AI Token Prices Drop 64% Despite Surge in Web3 Usage — Is the Boom Built to Last?

Artificial intelligence is reshaping the Web3 landscape, but the market isn’t buying the hype—at least not yet. A new report from DappRadar, published June 26, reveals a striking contrast: AI agent usage is booming, but the value of AI-related tokens has plummeted.
According to the report, daily active wallets interacting with AI agents have jumped 86% since January, reaching 4.5 million by June. That means AI-driven applications now account for 19% of all Web3 activity—up from just 9% at the start of the year and nearly on par with gaming’s 20% share.
These AI agents are showing up across the board—from trading copilots in decentralized finance to NPCs in games and automated social media bots.
“AI agents are clearly emerging as a new interface layer for Web3” the report noted, suggesting a growing shift in how users interact with blockchain ecosystems.
But while adoption is up, token prices are way down.

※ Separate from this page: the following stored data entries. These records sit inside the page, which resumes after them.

lemma p_eq_iff: "i \<in> {1..CARD('n)} \<Longrightarrow> j \<in> {1..CARD('n)} \<Longrightarrow> p i = p j \<longleftrightarrow> i = j"
  using bij_p by (auto simp: bij_betw_def inj_on_eq_iff)

lemma p_surjE:
  obtains j where "j \<in> {1..CARD('n)}" and "i = p j"
  using bij_p by (metis UNIV_I bij_betw_iff_bijections)

lemma inner_perm_axis: "inner (perm_axis j) x = (if j \<in> {1..CARD('n)} then x $ p j else 0)"
  by (simp add: perm_axis_def inner_axis')

lemma inner_perm_axis_perm_axis:
  "inner (perm_axis i) (perm_axis j) = of_bool (i = j \<and> i \<in> {1..CARD('n)})"
  using p_eq_iff[of i j] by (auto simp: perm_axis_def inner_axis_axis)

lemma vertex_nth:
  assumes "j \<in> {1..CARD('n)}" and "l \<le> CARD('n)"
  shows "vertex l $ p j = of_bool (j \<le> l)"
proof -
  have "vertex l $ p j = (\<Sum>i\<in>{1..l}. of_bool (i = j))"
    unfolding kuhn_vertex_def sum_component
    using assms p_eq_iff by (intro sum.cong) (auto simp: axis_def)
  then show ?thesis
    using assms by simp
qed

lemma bary_vertex: "l \<le> CARD('n) \<Longrightarrow> bary (vertex l) j = of_bool (j = l)"
  by (auto simp: bary_def facet_normal_def inner_diff_left inner_perm_axis vertex_nth)

lemma bary_diff: "bary x j - bary y j = inner (facet_normal j) (x - y)"
  by (simp add: bary_def inner_diff_right)

lemma sum_facet_normal: "(\<Sum>j\<le>CARD('n). facet_normal j) = 0"
  unfolding facet_normal_def sum_telescope by (simp add: perm_axis_def)

lemma sum_bary: "(\<Sum>j\<le>CARD('n). bary x j) = 1"
  by (simp add: bary_def sum.distrib inner_sum_left[symmetric] sum_facet_normal)

lemma sum_bary_scaleR_vertex: "(\<Sum>k\<le>CARD('n). bary x k *\<^sub>R vertex k) = x"
  unfolding vec_eq_iff
proof
  fix i
  obtain j where j: "j \<in> {1..CARD('n)}" "i = p j"
    using p_surjE .
  have "{..CARD('n)} \<inter> {k. j \<le> k} = {j..CARD('n)}"
    by auto
  then have "(\<Sum>k\<le>CARD('n). bary x k *\<^sub>R vertex k) $ i = (\<Sum>k=j..CARD('n). bary x k)"
    using j by (simp add: sum_component vertex_nth sum.If_cases)
  also have "\<dots> = (\<Sum>k=j..CARD('n). inner (perm_axis k) x - inner (perm_axis (Suc k)) x)"
    using j by (intro sum.cong) (auto simp: bary_def facet_normal_def inner_diff_left)
  also have "\<dots> = x $ i"
    using sum_Suc_diff[of j "CARD('n)" "\<lambda>k. - inner (perm_axis k) x"] j
    by (simp add: inner_perm_axis)
  finally show "(\<Sum>k\<le>CARD('n). bary x k *\<^sub>R vertex k) $ i = x $ i" .
qed

lemma kuhn_simplex_eq_convex_hull_vertices: "kuhn_simplex p = convex hull vertices"
  by (simp add: kuhn_simplex_def vertices_def setcompr_eq_image atMost_def)

lemma vertex_in_kuhn_simplex: "l \<le> CARD('n) \<Longrightarrow> vertex l \<in> kuhn_simplex p"
  by (simp add: kuhn_simplex_eq_convex_hull_vertices vertices_def hull_inc)

lemma bary_nonneg_eq_halfspace:
  "{x. 0 \<le> bary x j} = {x. - of_bool (j = 0) \<le> inner (facet_normal j) x}"
  by (auto simp: bary_def)

lemma kuhn_simplex_eq_bary_nonneg: "kuhn_simplex p = {x. \<forall>j\<le>CARD('n). 0 \<le> bary x j}"
proof
  have "{x. \<forall>j\<le>CARD('n). 0 \<le> bary x j} = (\<Inter>j\<in>{..CARD('n)}. {x. 0 \<le> bary x j})"
    by auto
  then have "convex {x. \<forall>j\<le>CARD('n). 0 \<le> bary x j}"
    by (simp add: convex_INT bary_nonneg_eq_halfspace convex_halfspace_ge)
  moreover have "vertices \<subseteq> {x. \<forall>j\<le>CARD('n). 0 \<le> bary x j}"
    by (auto simp: vertices_def bary_vertex)
  ultimately show "kuhn_simplex p \<subseteq> {x. \<forall>j\<le>CARD('n). 0 \<le> bary x j}"
    by (simp add: kuhn_simplex_eq_convex_hull_vertices hull_minimal)
next
  show "{x. \<forall>j\<le>CARD('n). 0 \<le> bary x j} \<subseteq> kuhn_simplex p"
  proof
    fix x assume "x \<in> {x. \<forall>j\<le>CARD('n). 0 \<le> bary x j}"
    then have "(\<Sum>k\<le>CARD('n). bary x k *\<^sub>R vertex k) \<in> convex hull vertices"
      by (intro convex_sum) (auto simp: sum_bary vertices_def hull_inc)
    then show "x \<in> kuhn_simplex p"
      by (simp add: sum_bary_scaleR_vertex kuhn_simplex_eq_convex_hull_vertices)
  qed
qed

lemma bary_convex_combination:
  assumes "(\<Sum>k\<le>CARD('n). w k) = 1" and "j \<le> CARD('n)"
  shows "bary (\<Sum>k\<le>CARD('n). w k *\<^sub>R vertex k) j = w j"
proof -
  have "bary (\<Sum>k\<le>CARD('n). w k *\<^sub>R vertex k) j = (\<Sum>k\<le>CARD('n). w k * bary (vertex k) j)"
    by (simp add: bary_def inner_sum_right sum.distrib sum_distrib_right[symmetric] assms(1) algebra_simps)
  also have "\<dots> = (\<Sum>k\<le>CARD('n). if k = j then w k else 0)"
    by (intro sum.cong) (auto simp: bary_vertex)
  finally show ?thesis
    using assms(2) by simp
qed

lemma norm_facet_normal:
  assumes "j \<le> CARD('n)"
  shows "norm (facet_normal j) = (if j = 0 \<or> j = CARD('n) then 1 else sqrt 2)"
proof -
  have "(norm (facet_normal j))\<^sup>2 = (if j = 0 \<or> j = CARD('n) then 1 else 2)"
    using assms
    by (auto simp: power2_norm_eq_inner facet_normal_def inner_diff_left inner_diff_right
        inner_perm_axis_perm_axis)
  then show ?thesis
    by (metis norm_ge_zero real_sqrt_one real_sqrt_unique)
qed

lemma facet_normal_nonzero: "j \<le> CARD('n) \<Longrightarrow> facet_normal j \<noteq> 0"
  using norm_facet_normal[of j] by (metis norm_zero real_sqrt_eq_zero_cancel_iff zero_neq_numeral
      zero_neq_one)

lemma inner_facet_normal_nonpos: "j \<noteq> k \<Longrightarrow> inner (facet_normal j) (facet_normal k) \<le> 0"
  by (simp add: facet_normal_def inner_diff_left inner_diff_right inner_perm_axis_perm_axis)

lemma sum_norm_facet_normal:
  "(\<Sum>j\<le>CARD('n). norm (facet_normal j)) = 2 + (real CARD('n) - 1) * sqrt 2"
proof -
  have "{..CARD('n)} = insert 0 (insert (CARD('n)) {1..<CARD('n)})"
    by auto
  then show ?thesis
    by (simp add: norm_facet_normal)
qed

lemma vertex_nth_eq_0_or_1:
  assumes "l \<le> CARD('n)"
  shows "vertex l $ i = 0 \<or> vertex l $ i = 1"
proof -
  obtain j where "j \<in> {1..CARD('n)}" and "i = p j"
    using p_surjE .
  then show ?thesis
    using assms by (simp add: vertex_nth)
qed

lemma kuhn_simplex_subset_cball:
  "kuhn_simplex p \<subseteq> cball (\<chi> i. 1 / 2) (sqrt (real CARD('n)) / 2)"
proof -
  have "dist (\<chi> i. 1 / 2) (vertex l) = sqrt (real CARD('n)) * (1 / 2)" if "l \<le> CARD('n)" for l
  proof -
    have "\<bar>((\<chi> i. 1 / 2) - vertex l) $ i\<bar> = 1 / 2" for i
      using vertex_nth_eq_0_or_1[OF that, of i] by auto
    then show ?thesis
      unfolding dist_norm by (rule norm_vec_eq_if_abs_nth_eq) simp
  qed
  then have "vertices \<subseteq> cball (\<chi> i. 1 / 2) (sqrt (real CARD('n)) / 2)"
    by (auto simp: vertices_def)
  then show ?thesis
    by (simp add: kuhn_simplex_eq_convex_hull_vertices hull_minimal)
qed

lemma dist_vertex_0_vertex_card: "dist (vertex 0) (vertex CARD('n)) = sqrt (real CARD('n))"
proof -
  have "vertex CARD('n) $ i = 1" for i
  proof -
    obtain j where "j \<in> {1..CARD('n)}" and "i = p j"
      using p_surjE .
    then show ?thesis
      by (simp add: vertex_nth)
  qed
  then have "norm (vertex 0 - vertex CARD('n)) = sqrt (real CARD('n)) * 1"
    by (intro norm_vec_eq_if_abs_nth_eq) (simp_all add: kuhn_vertex_def)
  then show ?thesis
    by (simp add: dist_norm)
qed

lemma diameter_kuhn_simplex: "diameter (kuhn_simplex p) = sqrt (real CARD('n))"
  using diameter_eq_if_antipodal_in_cball[OF kuhn_simplex_subset_cball
      vertex_in_kuhn_simplex vertex_in_kuhn_simplex dist_vertex_0_vertex_card]
  by simp

lemma circum_diam_kuhn_simplex: "circum_diam (kuhn_simplex p) = sqrt (real CARD('n))"
  using circum_diam_eq_if_antipodal_in_cball[OF kuhn_simplex_subset_cball
      vertex_in_kuhn_simplex vertex_in_kuhn_simplex dist_vertex_0_vertex_card]
  by simp
lemma sum_swap_weight_bounded:
  fixes G :: "int list \<Rightarrow> int list \<Rightarrow> complex" and t :: "int list \<Rightarrow> complex"
  assumes n: "even n" and \<theta>: "1 < \<theta>" and x: "0 < r" "norm x \<le> r"
    and t: "0 \<le> C" "\<And>p. p \<in> Sign n \<Longrightarrow> norm (t p) \<le> C * R powi alt_sum p"
    and G: "weight_bounded n (\<lambda>\<mu> p. norm (G \<mu> p)) R B" and B: "0 \<le> B" "\<theta>*r*B \<le> 1"
    and \<kappa>: "\<kappa> \<in> Sign n"
  shows "(\<Sum>\<^sub>\<infinity>p\<in>Sign n. t p * (\<Sum>\<^sub>\<infinity>\<mu>\<in>Sign n. skew1 \<mu> \<kappa> x * G \<mu> p))
       = (\<Sum>\<^sub>\<infinity>\<mu>\<in>Sign n. skew1 \<mu> \<kappa> x * (\<Sum>\<^sub>\<infinity>p\<in>Sign n. t p * G \<mu> p))"
proof -
  have "(\<Sum>\<^sub>\<infinity>\<mu>\<in>Sign n. \<Sum>\<^sub>\<infinity>p\<in>Sign n. skew1 \<mu> \<kappa> x * (t p * G \<mu> p))
      = (\<Sum>\<^sub>\<infinity>p\<in>Sign n. \<Sum>\<^sub>\<infinity>\<mu>\<in>Sign n. skew1 \<mu> \<kappa> x * (t p * G \<mu> p))"
  proof (rule infsum_swap_weight_bounded[OF G])
    show "(\<lambda>\<mu>. C * skew1_real \<mu> \<kappa> r * B powi alt_sum \<mu>) summable_on Sign n"
      using summable_on_cmult_right[OF weight_bounded_summable[OF
          weight_bounded_upper[OF n _ B(1) \<theta> B(2)] \<kappa>], of C] x by (simp add: ac_simps)
    show "norm (skew1 \<mu> \<kappa> x * (t p * G \<mu> p))
        \<le> C * skew1_real \<mu> \<kappa> r * (norm (G \<mu> p) * R powi alt_sum p)" if "p \<in> Sign n" for \<mu> p
      using norm_mult_le_mult[OF norm_skew1_le[OF x(2)]
          norm_mult_le_mult[OF t(2)[OF that] order_refl[of "norm (G \<mu> p)"]]]
      by (simp add: ac_simps)
  qed (use t(1) skew1_real_nonneg[OF less_imp_le[OF x(1)]] in auto)
  then show ?thesis
    by (simp add: infsum_cmult_right'[symmetric] ac_simps)
qed

section \<open>Slack in the convergence conditions\<close>

fun slack_max :: "real \<Rightarrow> real list \<Rightarrow> real \<Rightarrow> real" where
  "slack_max \<theta> [] B = B"
| "slack_max \<theta> (r # rs) B = max (\<theta>*r) (slack_max \<theta> rs B)"

lemma slack_max_snoc: "slack_max \<theta> (rs @ [r]) B = slack_max \<theta> rs (max B (\<theta>*r))"
  by (induction rs) auto

lemma slack_max_snoc': "slack_max \<theta> (rs @ [r]) B = max (slack_max \<theta> rs B) (\<theta>*r)"
  by (induction rs) (auto simp: max.assoc max.commute max.left_commute)

lemma slack_max_ge: "B \<le> slack_max \<theta> rs B"
  by (induction rs) auto

lemma slack_max_le: "B \<le> t \<Longrightarrow> \<forall>r\<in>set rs. \<theta>*r \<le> t \<Longrightarrow> slack_max \<theta> rs B \<le> t"
  by (induction rs) auto

lemma slack_max_bound:
  assumes "0 < r" "0 < \<theta>" "\<theta>*r*B \<le> 1" and pairs: "\<forall>r'\<in>set rs. \<theta>*\<theta>*r'*r \<le> 1"
  shows "\<theta>*r * slack_max \<theta> rs B \<le> 1"
proof -
  have pos: "0 < \<theta>*r" using assms(1,2) by simp
  have "slack_max \<theta> rs B \<le> 1/(\<theta>*r)"
  proof (rule slack_max_le)
    show "B \<le> 1/(\<theta>*r)" using assms(3) pos by (simp add: pos_le_divide_eq mult_ac)
    show "\<forall>r'\<in>set rs. \<theta>*r' \<le> 1/(\<theta>*r)"
      using pairs pos by (auto simp: pos_le_divide_eq mult_ac)
  qed
  then show ?thesis using pos by (simp add: pos_le_divide_eq mult_ac)
qed

text \<open>The radii \<open>rs\<close> majorize the variables \<open>as\<close> and still satisfy the convergence
  conditions \<open>|a\<^sub>i c| < 1\<close>, \<open>|a\<^sub>i a\<^sub>j| < 1\<close> after enlarging by the factor \<open>\<theta> > 1\<close>,
  where \<open>B\<close> bounds \<open>|c|\<close>.\<close>

definition slack_majorants :: "real \<Rightarrow> real \<Rightarrow> complex list \<Rightarrow> real list \<Rightarrow> bool" where
  "slack_majorants \<theta> B as rs \<longleftrightarrow> length rs = length as \<and>
     (\<forall>i<length as. norm (as!i) \<le> rs!i \<and> 0 < rs!i \<and> \<theta>*rs!i*B \<le> 1) \<and>
     (\<forall>i<length as. \<forall>j<length as. i \<noteq> j \<longrightarrow> \<theta>*\<theta>*rs!i*rs!j \<le> 1)"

The market cap for AI tokens has plunged 64% since early June, falling from $16.6 billion to $5.9 billion. Even with a robust daily trading volume of $1.4 billion, the drop signals growing investor skepticism—and volatility that continues to plague the space.
Despite this, capital keeps flowing in. AI agent projects have raised $1.39 billion year-to-date, already surpassing the total for all of 2024 by more than 9%. Much of the growth is being led by platforms like Virtuals Protocol, which has launched over 17,000 AI agents since late 2024—an average of 85 new agents every day.
On the infrastructure front, Matchain is leading with nearly 1.9 million daily users, followed by opBNB and Nebula. Global interest is high, with Europe, Asia, and North America emerging as the top three regions driving usage of AI-powered decentralized apps.
Still, not all tokens are built on substance. While some offer real utility—like automating user actions or powering staking mechanisms—others are little more than speculative assets clinging to the AI narrative. DappRadar warns of a poor “signal-to-noise” ratio in the space, where hype can easily drown out real innovation.